2-0, un score qui sonne comme une claque monumentale et qui risque de faire oublier le fameux 3-0 de 98.

On sent que Raymond retient ses larmes : il n’a pas les mots. Que dire ? Certes, le Mexique n’est pas l’Allemagne, l’Italie ou le Brésil, mais tout de même une équipe jeune, dynamique et pleine d’avenir.

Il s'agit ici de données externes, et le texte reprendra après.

lemma eigenvector_exists_2:
  fixes B :: "'a::field^2^2"
  assumes "(B$1$1 - m) * (B$2$2 - m) - B$1$2 * B$2$1 = 0"
  obtains v where "v \<noteq> 0" "B *v v = m *s v"
proof (cases "B$1$1 - m \<noteq> 0 \<or> B$1$2 \<noteq> 0")
  case True
  show thesis
    by (rule that[of "vec2 (B$1$2) (m - B$1$1)"])
      (use True assms in \<open>auto simp: vector2_eq_iff algebra_simps\<close>)
next
  case first_row_zero: False
  show thesis
  proof (cases "B$2$1 \<noteq> 0 \<or> B$2$2 - m \<noteq> 0")
    case True
    show thesis
      by (rule that[of "vec2 (m - B$2$2) (B$2$1)"])
        (use True first_row_zero assms in \<open>auto simp: vector2_eq_iff algebra_simps\<close>)
  next
    case False
    show thesis
      by (rule that[of "vec2 1 0"])
        (use False first_row_zero in \<open>auto simp: vector2_eq_iff algebra_simps\<close>)
  qed
qed

lemma cross_nonzero_if_not_parallel:
  fixes v w :: "'a::field^2"
  assumes "v \<noteq> 0" "\<nexists>a. w = a *s v"
  shows "v$1 * w$2 - v$2 * w$1 \<noteq> 0"
proof
  assume cross: "v$1 * w$2 - v$2 * w$1 = 0"
  show False
  proof (cases "v$1 = 0")
    case False
    then have "w = (w$1 / v$1) *s v"
      using cross by (auto simp: vector2_eq_iff field_simps)
    then show False
      using assms(2) by blast
  next
    case True
    then have "v$2 \<noteq> 0"
      using assms(1) by (simp add: vector2_eq_0_iff)
    then have "w = (w$2 / v$2) *s v"
      using True cross by (auto simp: vector2_eq_iff field_simps)
    then show False
      using assms(2) by blast
  qed
qed

lemma intertwiner_conj:
  fixes A C Q :: "'a::semiring_1^'n^'n"
  assumes "invertible Q" "A ** Q = Q ** C"
  shows "matrix_inv Q ** A ** Q = C"
  by (metis assms matrix_inv_left matrix_mul_assoc matrix_mul_lid)

text \<open>Normal form of a pair without common eigenvector, in the basis \<open>v, A v\<close> where \<open>v\<close> is
  an eigenvector of \<open>B\<close>: it depends only on \<open>tr A\<close>, \<open>tr B\<close>, \<open>tr AB\<close> and the choice of
  the eigenvalue \<open>m\<close>.\<close>

lemma irreducible_pair_normal_form:
  fixes A B :: "'a::field^2^2"
  assumes dA: "det A = 1" and dB: "det B = 1" and m: "m * m - trace B * m + 1 = 0"
    and irred: "\<not> common_eigenvector A B"
  obtains Q where "invertible Q" "A ** Q = Q ** mat2 0 (-1) 1 (trace A)"
    "B ** Q = Q ** mat2 m (trace (A ** B) - trace A / m) 0 (1 / m)"
proof -
  have "m \<noteq> 0"
    using m by auto
  have "(B$1$1 - m) * (B$2$2 - m) - B$1$2 * B$2$1 = 0"
    using m dB unfolding det_2 trace_2 by algebra
  then obtain v where v: "v \<noteq> 0" "B *v v = m *s v"
    by (rule eigenvector_exists_2)
  define w where "w = A *v v"
  define d where "d = v$1 * w$2 - v$2 * w$1"
  have "d \<noteq> 0"
    unfolding d_def using irred v unfolding common_eigenvector_def w_def
    by (intro cross_nonzero_if_not_parallel) blast+
  define Q where "Q = mat2 (v$1) (w$1) (v$2) (w$2)"
  have Q: "invertible Q"
    using \<open>d \<noteq> 0\<close> by (simp add: invertible_det_nz Q_def d_def det_2 mult.commute)
  define u where "u = B *v w"
  define CA where "CA = mat2 0 (-1) 1 (trace A)"
  define e where "e = inverse d"
  have "d * e = 1"
    using \<open>d \<noteq> 0\<close> by (simp add: e_def)
  \<comment> \<open>\<open>A *v w = trace A *s w - v\<close> by Cayley-Hamilton, and the second column of \<open>CB\<close> holds
    the coordinates of \<open>u = B *v w\<close> in the basis \<open>v, w\<close> (Cramer's rule)\<close>
  define CB where "CB = mat2 m ((u$1 * w$2 - u$2 * w$1) * e) 0 ((v$1 * u$2 - v$2 * u$1) * e)"
  have A: "A ** Q = Q ** CA"
    unfolding CA_def Q_def w_def using dA
    by (simp add: matrix2_eq_iff det_2 trace_2) algebra
  have "B$1$1 * v$1 + B$1$2 * v$2 = m * v$1" "B$2$1 * v$1 + B$2$2 * v$2 = m * v$2"
    using v(2) by (simp_all add: vector2_eq_iff)
  then have B: "B ** Q = Q ** CB"
    using \<open>d * e = 1\<close> unfolding CB_def Q_def u_def d_def
    by (simp add: matrix2_eq_iff; intro conjI; algebra)
  have "trace B = trace CB"
    using trace_conj[OF Q, of B] intertwiner_conj[OF Q B] by simp
  then have "CB$2$2 * m = 1"
    using m by (simp add: CB_def trace_2) algebra
  then have CB22: "CB$2$2 = 1 / m"
    using \<open>m \<noteq> 0\<close> by (simp add: field_simps)
  have "A ** B ** Q = Q ** (CA ** CB)"
    by (metis A B matrix_mul_assoc)
  then have "trace (A ** B) = trace (CA ** CB)"
    using trace_conj[OF Q, of "A ** B"] intertwiner_conj[OF Q] by metis
  then have "CB = mat2 m (trace (A ** B) - trace A / m) 0 (1 / m)"
    using CB22 by (simp add: CA_def CB_def trace_2 matrix2_eq_iff)
  then show thesis
    using that Q A B CA_def by blast
qed

lemma SL2_intertwiner:
  assumes "invertible (T::cmat)"
  obtains T1 where "T1 \<in> SL2" "\<And>X Y. X ** T = T ** Y \<Longrightarrow> matrix_inv T1 ** X ** T1 = Y"
proof -
  define s where "s = csqrt (det T)"
  have "s * s = det T"
    unfolding s_def by (metis power2_csqrt power2_eq_square)
  moreover have "det T \<noteq> 0"
    using assms by (simp add: invertible_det_nz)
  ultimately have "s \<noteq> 0"
    by auto
  define T1 where "T1 = T ** mat (inverse s)"
  have T1: "T1 \<in> SL2"
    using \<open>s * s = det T\<close> \<open>s \<noteq> 0\<close> by (simp add: T1_def SL2_def det_mul det_2 field_simps)
  have "matrix_inv T1 ** X ** T1 = Y" if "X ** T = T ** Y" for X Y
  proof (rule intertwiner_conj[OF SL2_invertible[OF T1]])
    have "Y ** mat (inverse s) = mat (inverse s) ** Y"
      by (simp add: matrix2_eq_iff mult.commute)
    then show "X ** T1 = T1 ** Y"
      unfolding T1_def by (metis that matrix_mul_assoc)
  qed
  then show thesis
    using that T1 by blast
qed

Est-ce si honteux de se faire battre par les Mexicains ? Non, si cela avait été plus loin dans la compétition. Non, si la défaite n’intervenait pas après un 1-0 de mauvais augure contre la Chine et un nul contre l’Uruguay.

Pour comprendre, il faut peut être remonter à la source, c’est-à-dire la qualification et à la triste main de Thierry Henry. Et si depuis cette main, un sentiment diffus de culpabilité s’était emparé de l’équipe de France, accusée de tricherie par toute la planète ?

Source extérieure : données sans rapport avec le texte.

definition hgap :: "(int \<times> int \<Rightarrow> tile) \<Rightarrow> int \<Rightarrow> int" where "hgap y i = vgap (transpose_cfg y) i"
definition hcount :: "(int \<times> int \<Rightarrow> tile) \<Rightarrow> int \<Rightarrow> int \<Rightarrow> int" where "hcount y i j = vcount (transpose_cfg y) j i"
definition hthr :: "(int \<times> int \<Rightarrow> tile) \<Rightarrow> int \<Rightarrow> int \<Rightarrow> int" where "hthr y i j = vthr (transpose_cfg y) j i"

definition desubst :: "nat \<Rightarrow> (int \<times> int \<Rightarrow> tile) \<Rightarrow> (int \<times> int \<Rightarrow> tile)" where
  "desubst n y p = (let i = fst p; j = snd p in
     (path_label n (vcount y (i + 1) j) (vthr y (i + 1) j) (vgap y j),
      path_label n (hcount y i (j + 1)) (hthr y i (j + 1)) (hgap y i),
      path_label n (vcount y i j) (vthr y i j) (vgap y j),
      path_label n (hcount y i j) (hthr y i j) (hgap y i)))"

lemma col0_transpose[simp]: "col0 (transpose_cfg y) = row0 y" by (rule ext) (simp add: col0_def)
lemma row0_transpose: "row0 (transpose_cfg y) = col0 y" by (rule ext) (simp add: col0_def)

context omega_tiling
begin

lemma omega_tiling_transpose: "omega_tiling n (transpose_cfg y)"
  using tiling_transpose unfolding omega_tiling_def .

lemma vgap_vals: "vgap y j = int n - 1 \<or> vgap y j = int n"
  using row0_gap_succ[of j] by (simp add: vgap_def)

lemma vgap_nonneg: "0 \<le> vgap y j" using vgap_vals[of j] n_ge_1 by auto

lemma row0_vgap: "row0 y (j + 1) = row0 y j + vgap y j + 1" by (simp add: vgap_def)

lemma between_row0_gap: "1 \<le> d \<Longrightarrow> d \<le> vgap y j \<Longrightarrow> row_kind y (row0 y j + d) = 1"
  using between_row0[of j "row0 y j + d"] by (simp add: vgap_def)

lemma TOP_count_gap: "0 \<le> d \<Longrightarrow> d \<le> vgap y j \<Longrightarrow> lcount (TOP (y (c, row0 y j + d))) = lcount (TOP (y (c, row0 y j))) + d"
  using TOP_count_run[of "nat d" "row0 y j" c] between_row0_gap[of _ j] by simp

lemma vpath_vtile:
  assumes "1 \<le> d" "d \<le> vgap y j"
  shows "y (col0 y i, row0 y j + d) = vtile n (vbit y i j (d - 1)) (vbit y i j d) (vcount y i j + d - 1)
    \<and> path_tile_ok False n (vbit y i j (d - 1)) (vbit y i j d) (vcount y i j + d - 1)"
proof -
  let ?c = "col0 y i" and ?r = "row0 y j"
  obtain b0 b1 cc where H: "y (?c, ?r + d) = vtile n b0 b1 cc" "path_tile_ok False n b0 b1 cc"
    using vtile_at[OF between_row0_gap[OF assms] col0_kind] by blast
  have "BOTTOM (y (?c, ?r + (d - 1) + 1)) = TOP (y (?c, ?r + (d - 1)))" by (rule match_v)
  then have e: "(0, b0, cc) = TOP (y (?c, ?r + (d - 1)))" using H by simp
  have "lcount (TOP (y (?c, ?r + (d - 1)))) = lcount (TOP (y (?c, ?r))) + (d - 1)"
    by (rule TOP_count_gap) (use assms in auto)
  then have "b0 = vbit y i j (d - 1)" "cc = vcount y i j + d - 1"
    using e by (auto simp: vbit_def vcount_def lcount_def lbit_def dest: sym)
  moreover have "b1 = vbit y i j d" using H by (simp add: vbit_def lbit_def)
  ultimately show ?thesis using H by simp
qed

lemma junction_at_corner:
  obtains k l rr s where "y (col0 y i, row0 y j) = junction n k l rr s" "junction_ok False k l rr s"
  using junction_at[OF row0_kind col0_kind] by blast

lemma vbit_01: "0 \<le> d \<Longrightarrow> d \<le> vgap y j \<Longrightarrow> vbit y i j d = 0 \<or> vbit y i j d = 1"
proof (cases "d = 0")
  case True
  obtain k l rr s where "y (col0 y i, row0 y j) = junction n k l rr s" "junction_ok False k l rr s" by (rule junction_at_corner)
  then show ?thesis using True by (auto simp: vbit_def lbit_def junction_ok_def bit_pairs_def)
next
  case False
  assume "0 \<le> d" "d \<le> vgap y j"
  then have "path_tile_ok False n (vbit y i j (d - 1)) (vbit y i j d) (vcount y i j + d - 1)" using vpath_vtile[of d j i] False by auto
  from path_tile_ok_bounds[OF this] show ?thesis by auto
qed

lemma vbit_mono: "1 \<le> d \<Longrightarrow> d \<le> vgap y j \<Longrightarrow> vbit y i j (d - 1) \<le> vbit y i j d"
  using vpath_vtile[of d j i] unfolding path_tile_ok_def by auto

lemma vthr_prop: "0 \<le> vthr y i j \<and> vthr y i j \<le> vgap y j + 1 \<and> (\<forall>d. 0 \<le> d \<and> d \<le> vgap y j \<longrightarrow> vbit y i j d = thr (vthr y i j) d)"
proof -
  have "\<exists>t. 0 \<le> t \<and> t \<le> vgap y j + 1 \<and> (\<forall>d. 0 \<le> d \<and> d \<le> vgap y j \<longrightarrow> vbit y i j d = thr t d)"
    by (rule monotone_01_thr) (use vbit_01 vbit_mono vgap_nonneg in auto)
  then show ?thesis unfolding vthr_def by (rule someI_ex)
qed

lemma vbit_thr: "0 \<le> d \<Longrightarrow> d \<le> vgap y j \<Longrightarrow> vbit y i j d = thr (vthr y i j) d"
  using vthr_prop by blast

lemma junction_at_next_corner:
  obtains k l rr s where "y (col0 y i, row0 y (j + 1)) = junction n k l rr s" "junction_ok False k l rr s"
    "l = vbit y i j (vgap y j)" "k + int n = vcount y i j + vgap y j"
proof -
  obtain k l rr s where J: "y (col0 y i, row0 y (j + 1)) = junction n k l rr s" "junction_ok False k l rr s"
    using junction_at[OF row0_kind col0_kind] by blast
  have "BOTTOM (y (col0 y i, row0 y j + vgap y j + 1)) = TOP (y (col0 y i, row0 y j + vgap y j))" by (rule match_v)
  moreover have "lcount (TOP (y (col0 y i, row0 y j + vgap y j))) = vcount y i j + vgap y j"
    using TOP_count_gap[of "vgap y j" j "col0 y i"] vgap_nonneg[of j] by (simp add: vcount_def)
  ultimately have "l = vbit y i j (vgap y j)" "k + int n = vcount y i j + vgap y j"
    using J row0_vgap[of j] by (auto simp: vbit_def lbit_def lcount_def dest: sym)
  then show ?thesis using J that by blast
qed

lemma path_ok_vgap: "path_ok n (vcount y i j) (vthr y i j) (vgap y j)"
proof -
  obtain k l rr s where J: "y (col0 y i, row0 y j) = junction n k l rr s" "junction_ok False k l rr s" by (rule junction_at_corner)
  obtain k' l' rr' s' where J': "y (col0 y i, row0 y (j + 1)) = junction n k' l' rr' s'" "junction_ok False k' l' rr' s'"
    "l' = vbit y i j (vgap y j)" "k' + int n = vcount y i j + vgap y j" by (rule junction_at_next_corner)
  have s: "vcount y i j = s" "vbit y i j 0 = rr" using J by (simp_all add: vcount_def vbit_def lcount_def lbit_def)
  have vp: "0 \<le> vthr y i j" "vthr y i j \<le> vgap y j + 1" using vthr_prop by auto
  have b0: "vbit y i j 0 = thr (vthr y i j) 0" and bL: "vbit y i j (vgap y j) = thr (vthr y i j) (vgap y j)"
    using vbit_thr vgap_nonneg by auto
  show ?thesis unfolding path_ok_def
  proof (intro conjI impI)
    show "vcount y i j = 0 \<or> vcount y i j = 1" using s J(2) by (auto simp: junction_ok_def bit_pairs_def)
    show "vgap y j = int n - 1 \<or> vgap y j = int n" by (rule vgap_vals)
    show "0 \<le> vthr y i j" "vthr y i j \<le> vgap y j + 1" using vp by auto
    show "vcount y i j = 1" if "vthr y i j = 0"
      using that b0 s J(2) by (auto simp: thr_def junction_ok_def bit_pairs_def)
    show "vcount y i j + vgap y j = int n \<or> vcount y i j + vgap y j = int n + 1"
      using J'(2,4) by (auto simp: junction_ok_def bit_pairs_def)
    show "vthr y i j \<le> vgap y j" if "vcount y i j + vgap y j = int n + 1"
    proof -
      have "k' = 1" using that J'(4) by simp
      then have "l' = 1" using J'(2) by (auto simp: junction_ok_def bit_pairs_def)
      then show ?thesis using J'(3) bL by (simp add: thr_def split: if_splits)
    qed
  qed
qed

lemma vthr_match:
  assumes "1 \<le> d" "d \<le> vgap y j"
  shows "1 + thr (vthr y i j) (d - 1) + hgap y i = int n + thr (vthr y (i + 1) j) d"
proof -
  let ?c = "col0 y i" and ?c' = "col0 y (i + 1)" and ?\<rho> = "row0 y j + d"
  interpret T: omega_tiling n "transpose_cfg y" by (rule omega_tiling_transpose)
  have hgap: "?c' = ?c + hgap y i + 1" by (simp add: hgap_def vgap_def row0_transpose)
  have Lh0: "0 \<le> hgap y i" using T.vgap_nonneg by (simp add: hgap_def)
  have "lcount (RIGHT (y (?c + int (nat (hgap y i)), ?\<rho>))) = lcount (RIGHT (y (?c, ?\<rho>))) + int (nat (hgap y i))"
  proof (rule RIGHT_count_run)
    fix d assume "1 \<le> d" "d \<le> int (nat (hgap y i))"
    then show "col_kind y (col0 y i + d) = 1" using between_col0[of i "col0 y i + d"] hgap Lh0 by simp
  qed
  then have r: "lcount (RIGHT (y (?c + hgap y i, ?\<rho>))) = lcount (RIGHT (y (?c, ?\<rho>))) + hgap y i" using Lh0 by simp
  have h1: "y (?c, ?\<rho>) = vtile n (vbit y i j (d - 1)) (vbit y i j d) (vcount y i j + d - 1)" using vpath_vtile assms by blast
  have h2: "y (?c', ?\<rho>) = vtile n (vbit y (i+1) j (d - 1)) (vbit y (i+1) j d) (vcount y (i+1) j + d - 1)" using vpath_vtile assms by blast
  have A: "lcount (RIGHT (y (?c + hgap y i, ?\<rho>))) = 1 + vbit y i j (d - 1) + hgap y i" using r h1 by (simp add: lcount_def)
  have "LEFT (y (?c + hgap y i + 1, ?\<rho>)) = RIGHT (y (?c + hgap y i, ?\<rho>))" by (rule match_h)
  then have B: "RIGHT (y (?c + hgap y i, ?\<rho>)) = (1, 1, int n + vbit y (i + 1) j d)" using h2 hgap by simp
  have "int n + vbit y (i+1) j d = 1 + vbit y i j (d - 1) + hgap y i" using A B by (simp add: lcount_def)
  then show ?thesis using vbit_thr[of "d - 1" j i] vbit_thr[of d j "i+1"] assms by simp
qed

lemma vpath_end_match: "thr (vthr y i j) (vgap y j) = hcount y i (j + 1) \<and> vcount y i j + vgap y j = thr (hthr y i (j + 1)) 0 + int n"
proof -
  interpret T: omega_tiling n "transpose_cfg y" by (rule omega_tiling_transpose)
  obtain k' l' rr' s' where J': "y (col0 y i, row0 y (j + 1)) = junction n k' l' rr' s'" "junction_ok False k' l' rr' s'"
    "l' = vbit y i j (vgap y j)" "k' + int n = vcount y i j + vgap y j" by (rule junction_at_next_corner)
  have "hcount y i (j + 1) = l'" using J' by (simp add: hcount_def vcount_def row0_transpose lcount_def)
  moreover have "thr (hthr y i (j + 1)) 0 = k'"
    using T.vbit_thr[of 0 i "j+1"] T.vgap_nonneg[of i] J' by (simp add: hthr_def vbit_def row0_transpose lbit_def)
  ultimately show ?thesis using J' vbit_thr[of "vgap y j" j i] vgap_nonneg[of j] by simp
qed

lemma tile_frame_cell: "tile_frame n (vcount y i j) (vthr y i j) (vcount y (i+1) j) (vthr y (i+1) j) (hcount y i j) (hthr y i j)
   (hcount y i (j+1)) (hthr y i (j+1)) (vgap y j) (hgap y i)"
proof -
  interpret T: omega_tiling n "transpose_cfg y" by (rule omega_tiling_transpose)
  show ?thesis
  proof (unfold_locales)
    show "1 \<le> n" by (rule n_ge_1)
    show "path_ok n (vcount y i j) (vthr y i j) (vgap y j)" by (rule path_ok_vgap)
    show "path_ok n (vcount y (i + 1) j) (vthr y (i + 1) j) (vgap y j)" by (rule path_ok_vgap)
    show "path_ok n (hcount y i j) (hthr y i j) (hgap y i)" using T.path_ok_vgap[of j i] by (simp add: hcount_def hthr_def hgap_def)
    show "path_ok n (hcount y i (j + 1)) (hthr y i (j + 1)) (hgap y i)" using T.path_ok_vgap[of "j+1" i] by (simp add: hcount_def hthr_def hgap_def)
    show "\<And>d. 1 \<le> d \<Longrightarrow> d \<le> vgap y j \<Longrightarrow> 1 + thr (vthr y i j) (d - 1) + hgap y i = int n + thr (vthr y (i + 1) j) d"
      by (rule vthr_match)
    show "thr (hthr y i j) (hgap y i) = vcount y (i + 1) j" "hcount y i j + hgap y i = thr (vthr y (i + 1) j) 0 + int n"
      using T.vpath_end_match[of j i] by (simp_all add: hcount_def hthr_def hgap_def)
    show "\<And>d. 1 \<le> d \<Longrightarrow> d \<le> hgap y i \<Longrightarrow> 1 + thr (hthr y i j) (d - 1) + vgap y j = int n + thr (hthr y i (j + 1)) d"
      using T.vthr_match[of _ i j] by (simp add: hcount_def hthr_def hgap_def)
    show "thr (vthr y i j) (vgap y j) = hcount y i (j + 1)" "vcount y i j + vgap y j = thr (hthr y i (j + 1)) 0 + int n"
      using vpath_end_match[of i j] by auto
  qed
qed

lemma desubst_in_tiles_ext: "desubst n y p \<in> tiles True n"
proof -
  obtain i j where p: "p = (i, j)" by fastforce
  interpret D: tile_frame n "vcount y i j" "vthr y i j" "vcount y (i+1) j" "vthr y (i+1) j" "hcount y i j" "hthr y i j"
   "hcount y i (j+1)" "hthr y i (j+1)" "vgap y j" "hgap y i" by (rule tile_frame_cell)
  show ?thesis using D.decode_in_tiles p by (simp add: desubst_def)
qed

lemma desubst_valid: "valid (tiles False n) (desubst n y)"
proof -
  have "valid (tiles True n) (desubst n y)"
    unfolding valid_def using desubst_in_tiles_ext by (auto simp: desubst_def Let_def RIGHT_def LEFT_def TOP_def BOTTOM_def)
  then interpret X: tiling n True "desubst n y" using n_ge_1 by unfold_locales
  show ?thesis by (rule X.valid_tiles_False)
qed

lemma col0_hgap: "col0 y (i + 1) = col0 y i + hgap y i + 1"
  by (simp add: hgap_def vgap_def row0_transpose)

lemma hgap_nonneg: "0 \<le> hgap y i"
  using omega_tiling.vgap_nonneg[OF omega_tiling_transpose] by (simp add: hgap_def)

lemma vpath_thr:
  assumes "1 \<le> d" "d \<le> vgap y j"
  shows "y (col0 y i, row0 y j + d) = vtile n (thr (vthr y i j) (d - 1)) (thr (vthr y i j) d) (vcount y i j + d - 1)"
  using vpath_vtile[OF assms] vbit_thr[of "d - 1" j i] vbit_thr[of d j i] assms by simp

lemma hpath_thr:
  assumes "1 \<le> d" "d \<le> hgap y i"
  shows "y (col0 y i + d, row0 y j) = htile n (thr (hthr y i j) (d - 1)) (thr (hthr y i j) d) (hcount y i j + d - 1)"
proof -
  have "transpose_cfg y (row0 y j, col0 y i + d) = vtile n (thr (hthr y i j) (d - 1)) (thr (hthr y i j) d) (hcount y i j + d - 1)"
    using omega_tiling.vpath_thr[OF omega_tiling_transpose, of d i j] assms
    by (simp add: hcount_def hthr_def hgap_def row0_transpose)
  then show ?thesis by (metis hat_hat hat_vtile transpose_apply)
qed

Et si, sachant que de toute façon elle serait attendue au tournant, l’équipe de France avait décidé de ne pas prendre le tournant ?

Ces hypothèses, si elles ont une quelconque réalité, ne sont probablement pas conscientes, mais on y pense fortement en se remémorant la deuxième mi-temps : des joueurs sans volonté et qui sont là sans être là. Manque de cohésion, certainement, mais pas seulement.
Ce phénomène anormal, Domenech l’a ressenti probablement lui aussi. Déboussolé, il ne trouve rien à dire de plus au journaliste que ces six mots qu’il répète plusieurs fois comme pour essayer de leur trouver un sens qu’il ne saisit pas lui-même : « c’est plus qu’une déception ».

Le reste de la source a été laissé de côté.